Collected data:
(* There exist six hyperplanes $W_1,\dots,W_6\subset\mathbb R^4$ which do phase retrieval on $\mathbb R^4$, but such that the one-dimensional subspaces $\{W_i^\perp\}_{i=1}^6$ do not do phase retrieval on $\mathbb R^4$.
   Context: A hyperplane in $\mathbb R^4$ is a 3-dimensional subspace. A family of subspaces $\{W_i\}$ with orthogonal projections $P_i$ does phase retrieval if whenever $x,y\in\mathbb R^4$ satisfy $\|P_ix\|=\|P_iy\|$ for all $i$, then $x=\pm y$. *)

theory Defs
  imports "HOL-Analysis.Analysis"
begin

definition orth_proj :: "'a::euclidean_space set \<Rightarrow> 'a \<Rightarrow> 'a" where
  "orth_proj W x = (THE p. p \<in> W \<and> (\<forall>w\<in>W. orthogonal (x - p) w))"

definition does_phase_retrieval :: "'i set \<Rightarrow> ('i \<Rightarrow> 'a::euclidean_space set) \<Rightarrow> bool" where
  "does_phase_retrieval I W \<longleftrightarrow>
     (\<forall>x y. (\<forall>i\<in>I. norm (orth_proj (W i) x) = norm (orth_proj (W i) y)) \<longrightarrow> x = y \<or> x = - y)"

definition hyperplane4 :: "(real^4) set \<Rightarrow> bool" where
  "hyperplane4 W \<longleftrightarrow> subspace W \<and> dim W = 3"

end

theory Submission
  imports Defs
begin
(* Let $\mathscr{U}$ be a bounded monomial polyhedron represented by $B\in M_n(\mathbb{Z})$ with $\det B>0$ and $B^{-1}\succeq0$, and let $A=\operatorname{adj}B$ with columns $a_1,\dots,a_n$. Let $\mathscr{S}_2(\mathscr{U})=\{\beta\in(\mathbb{Z}^n)^\dagger: z^\beta\in L^2(\mathscr{U})\}$. Then: (1) $\beta\in\mathscr{S}_2(\mathscr{U})$ if and only if $(\beta+\mathbb{1})A\succeq g(A)$; (2) for each $1\le j\le n$, the set $\Pi_j=\{\beta\in(\mathbb{Z}^n)^\dagger: (\beta+\mathbb{1})a_j=\gcd(a_j)\}$ satisfies $\Pi_j\cap\mathscr{S}_2(\mathscr{U})\neq\emptyset$.
   Context: A monomial polyhedron defined by $B$ with rows $b^j$ is $\{z\in\mathbb{C}^n:\prod_k|z_k|^{b^j_k}<1\ \forall j\}$, excluding points where a product is undefined due to division by zero. $\mathbb{1}=(1,\dots,1)$ row vector; $\succeq$ is entrywise order. $\gcd(a_j)$ is the greatest common divisor of the entries of column $a_j$ (columns of $A$ are nonzero), and $g(A)=(\gcd(a_1),\dots,\gcd(a_n))\in(\mathbb{Z}^n)^\dagger$. $(\beta+\mathbb{1})a_j=\sum_k(\beta_k+1)a^k_j$. *)

theory Defs
  imports "HOL-Analysis.Analysis"
begin

text \<open>Integer matrices are int^'n^'n, rows indexed first: B $ j $ k is the entry in row j,
  column k; the row b^j is B $ j.  Row vectors beta are int^'n.\<close>

text \<open>Adjugate (classical adjoint): adj B = transpose of the cofactor matrix, where the
  (j,i) cofactor equals det of B with row j replaced by the i-th standard unit vector.\<close>
definition adjugate :: "'a::comm_ring_1^'n^'n \<Rightarrow> 'a^'n^'n" where
  "adjugate B = (\<chi> i j. det (\<chi> r. if r = j then axis i 1 else B $ r))"
text \<open>The hypothesis \<open>1 + \<theta> b > 0\<close> says that \<open>-b\<close> lies below \<open>1/\<theta>\<close>, the abscissa of
  convergence of the moment generating function.\<close>
lemma nn_integral_gamma_pdf_powr_exp:
  assumes k: "0 < k" and \<theta>: "0 < \<theta>" and p: "0 < k + p" and b: "0 < 1 + \<theta> * b"
  shows "(\<integral>\<^sup>+x. ennreal (gamma_pdf k \<theta> x * x powr p * exp (- (b * x))) \<partial>lborel)
         = ennreal (Gamma (k + p) * \<theta> powr p / (Gamma k * (1 + \<theta> * b) powr (k + p)))"
proof -
  define C where "C = Gamma k * \<theta> powr k"
  have C: "0 < C" using k \<theta> by (simp add: C_def Gamma_real_pos)
  have rate: "0 < (1 + \<theta> * b) / \<theta>" using b \<theta> by simp
  have "(\<integral>\<^sup>+x. ennreal (gamma_pdf k \<theta> x * x powr p * exp (- (b * x))) \<partial>lborel)
      = (\<integral>\<^sup>+x. ennreal (1 / C) * ennreal (indicator {0..} x * x powr (k + p - 1)
          * exp (- ((1 + \<theta> * b) / \<theta> * x))) \<partial>lborel)"
    unfolding gamma_pdf_times_powr_exp[OF \<theta>] C_def[symmetric]
    using C by (intro nn_integral_cong) (simp add: ennreal_mult'[symmetric])
  also have "\<dots> = ennreal (1 / C) * ennreal (Gamma (k + p) / ((1 + \<theta> * b) / \<theta>) powr (k + p))"
    unfolding nn_integral_powr_exp_eq_Gamma[OF p rate, symmetric] by (rule nn_integral_cmult) measurable
  also have "\<dots> = ennreal (Gamma (k + p) * \<theta> powr p / (Gamma k * (1 + \<theta> * b) powr (k + p)))"
  proof -
    have "((1 + \<theta> * b) / \<theta>) powr (k + p) = (1 + \<theta> * b) powr (k + p) / (\<theta> powr k * \<theta> powr p)"
      using b \<theta> by (simp add: powr_divide powr_add)
    then show ?thesis
      using C \<theta> by (simp add: ennreal_mult'[symmetric] C_def)
  qed
  finally show ?thesis .
qed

Work order: All of the entries, from the first line to the last, should be duplicated exactly.

Exercise output:
(* There exist six hyperplanes $W_1,\dots,W_6\subset\mathbb R^4$ which do phase retrieval on $\mathbb R^4$, but such that the one-dimensional subspaces $\{W_i^\perp\}_{i=1}^6$ do not do phase retrieval on $\mathbb R^4$.
   Context: A hyperplane in $\mathbb R^4$ is a 3-dimensional subspace. A family of subspaces $\{W_i\}$ with orthogonal projections $P_i$ does phase retrieval if whenever $x,y\in\mathbb R^4$ satisfy $\|P_ix\|=\|P_iy\|$ for all $i$, then $x=\pm y$. *)

theory Defs
  imports "HOL-Analysis.Analysis"
begin

definition orth_proj :: "'a::euclidean_space set \<Rightarrow> 'a \<Rightarrow> 'a" where
  "orth_proj W x = (THE p. p \<in> W \<and> (\<forall>w\<in>W. orthogonal (x - p) w))"

definition does_phase_retrieval :: "'i set \<Rightarrow> ('i \<Rightarrow> 'a::euclidean_space set) \<Rightarrow> bool" where
  "does_phase_retrieval I W \<longleftrightarrow>
     (\<forall>x y. (\<forall>i\<in>I. norm (orth_proj (W i) x) = norm (orth_proj (W i) y)) \<longrightarrow> x = y \<or> x = - y)"

definition hyperplane4 :: "(real^4) set \<Rightarrow> bool" where
  "hyperplane4 W \<longleftrightarrow> subspace W \<and> dim W = 3"

end

theory Submission
  imports Defs
begin
(* Let $\mathscr{U}$ be a bounded monomial polyhedron represented by $B\in M_n(\mathbb{Z})$ with $\det B>0$ and $B^{-1}\succeq0$, and let $A=\operatorname{adj}B$ with columns $a_1,\dots,a_n$. Let $\mathscr{S}_2(\mathscr{U})=\{\beta\in(\mathbb{Z}^n)^\dagger: z^\beta\in L^2(\mathscr{U})\}$. Then: (1) $\beta\in\mathscr{S}_2(\mathscr{U})$ if and only if $(\beta+\mathbb{1})A\succeq g(A)$; (2) for each $1\le j\le n$, the set $\Pi_j=\{\beta\in(\mathbb{Z}^n)^\dagger: (\beta+\mathbb{1})a_j=\gcd(a_j)\}$ satisfies $\Pi_j\cap\mathscr{S}_2(\mathscr{U})\neq\emptyset$.
   Context: A monomial polyhedron defined by $B$ with rows $b^j$ is $\{z\in\mathbb{C}^n:\prod_k|z_k|^{b^j_k}<1\ \forall j\}$, excluding points where a product is undefined due to division by zero. $\mathbb{1}=(1,\dots,1)$ row vector; $\succeq$ is entrywise order. $\gcd(a_j)$ is the greatest common divisor of the entries of column $a_j$ (columns of $A$ are nonzero), and $g(A)=(\gcd(a_1),\dots,\gcd(a_n))\in(\mathbb{Z}^n)^\dagger$. $(\beta+\mathbb{1})a_j=\sum_k(\beta_k+1)a^k_j$. *)

theory Defs
  imports "HOL-Analysis.Analysis"
begin

text \<open>Integer matrices are int^'n^'n, rows indexed first: B $ j $ k is the entry in row j,
  column k; the row b^j is B $ j.  Row vectors beta are int^'n.\<close>

text \<open>Adjugate (classical adjoint): adj B = transpose of the cofactor matrix, where the
  (j,i) cofactor equals det of B with row j replaced by the i-th standard unit vector.\<close>
definition adjugate :: "'a::comm_ring_1^'n^'n \<Rightarrow> 'a^'n^'n" where
  "adjugate B = (\<chi> i j. det (\<chi> r. if r = j then axis i 1 else B $ r))"
text \<open>The hypothesis \<open>1 + \<theta> b > 0\<close> says that \<open>-b\<close> lies below \<open>1/\<theta>\<close>, the abscissa of
  convergence of the moment generating function.\<close>
lemma nn_integral_gamma_pdf_powr_exp:
  assumes k: "0 < k" and \<theta>: "0 < \<theta>" and p: "0 < k + p" and b: "0 < 1 + \<theta> * b"
  shows "(\<integral>\<^sup>+x. ennreal (gamma_pdf k \<theta> x * x powr p * exp (- (b * x))) \<partial>lborel)
         = ennreal (Gamma (k + p) * \<theta> powr p / (Gamma k * (1 + \<theta> * b) powr (k + p)))"
proof -
  define C where "C = Gamma k * \<theta> powr k"
  have C: "0 < C" using k \<theta> by (simp add: C_def Gamma_real_pos)
  have rate: "0 < (1 + \<theta> * b) / \<theta>" using b \<theta> by simp
  have "(\<integral>\<^sup>+x. ennreal (gamma_pdf k \<theta> x * x powr p * exp (- (b * x))) \<partial>lborel)
      = (\<integral>\<^sup>+x. ennreal (1 / C) * ennreal (indicator {0..} x * x powr (k + p - 1)
          * exp (- ((1 + \<theta> * b) / \<theta> * x))) \<partial>lborel)"
    unfolding gamma_pdf_times_powr_exp[OF \<theta>] C_def[symmetric]
    using C by (intro nn_integral_cong) (simp add: ennreal_mult'[symmetric])
  also have "\<dots> = ennreal (1 / C) * ennreal (Gamma (k + p) / ((1 + \<theta> * b) / \<theta>) powr (k + p))"
    unfolding nn_integral_powr_exp_eq_Gamma[OF p rate, symmetric] by (rule nn_integral_cmult) measurable
  also have "\<dots> = ennreal (Gamma (k + p) * \<theta> powr p / (Gamma k * (1 + \<theta> * b) powr (k + p)))"
  proof -
    have "((1 + \<theta> * b) / \<theta>) powr (k + p) = (1 + \<theta> * b) powr (k + p) / (\<theta> powr k * \<theta> powr p)"
      using b \<theta> by (simp add: powr_divide powr_add)
    then show ?thesis
      using C \<theta> by (simp add: ennreal_mult'[symmetric] C_def)
  qed
  finally show ?thesis .
qed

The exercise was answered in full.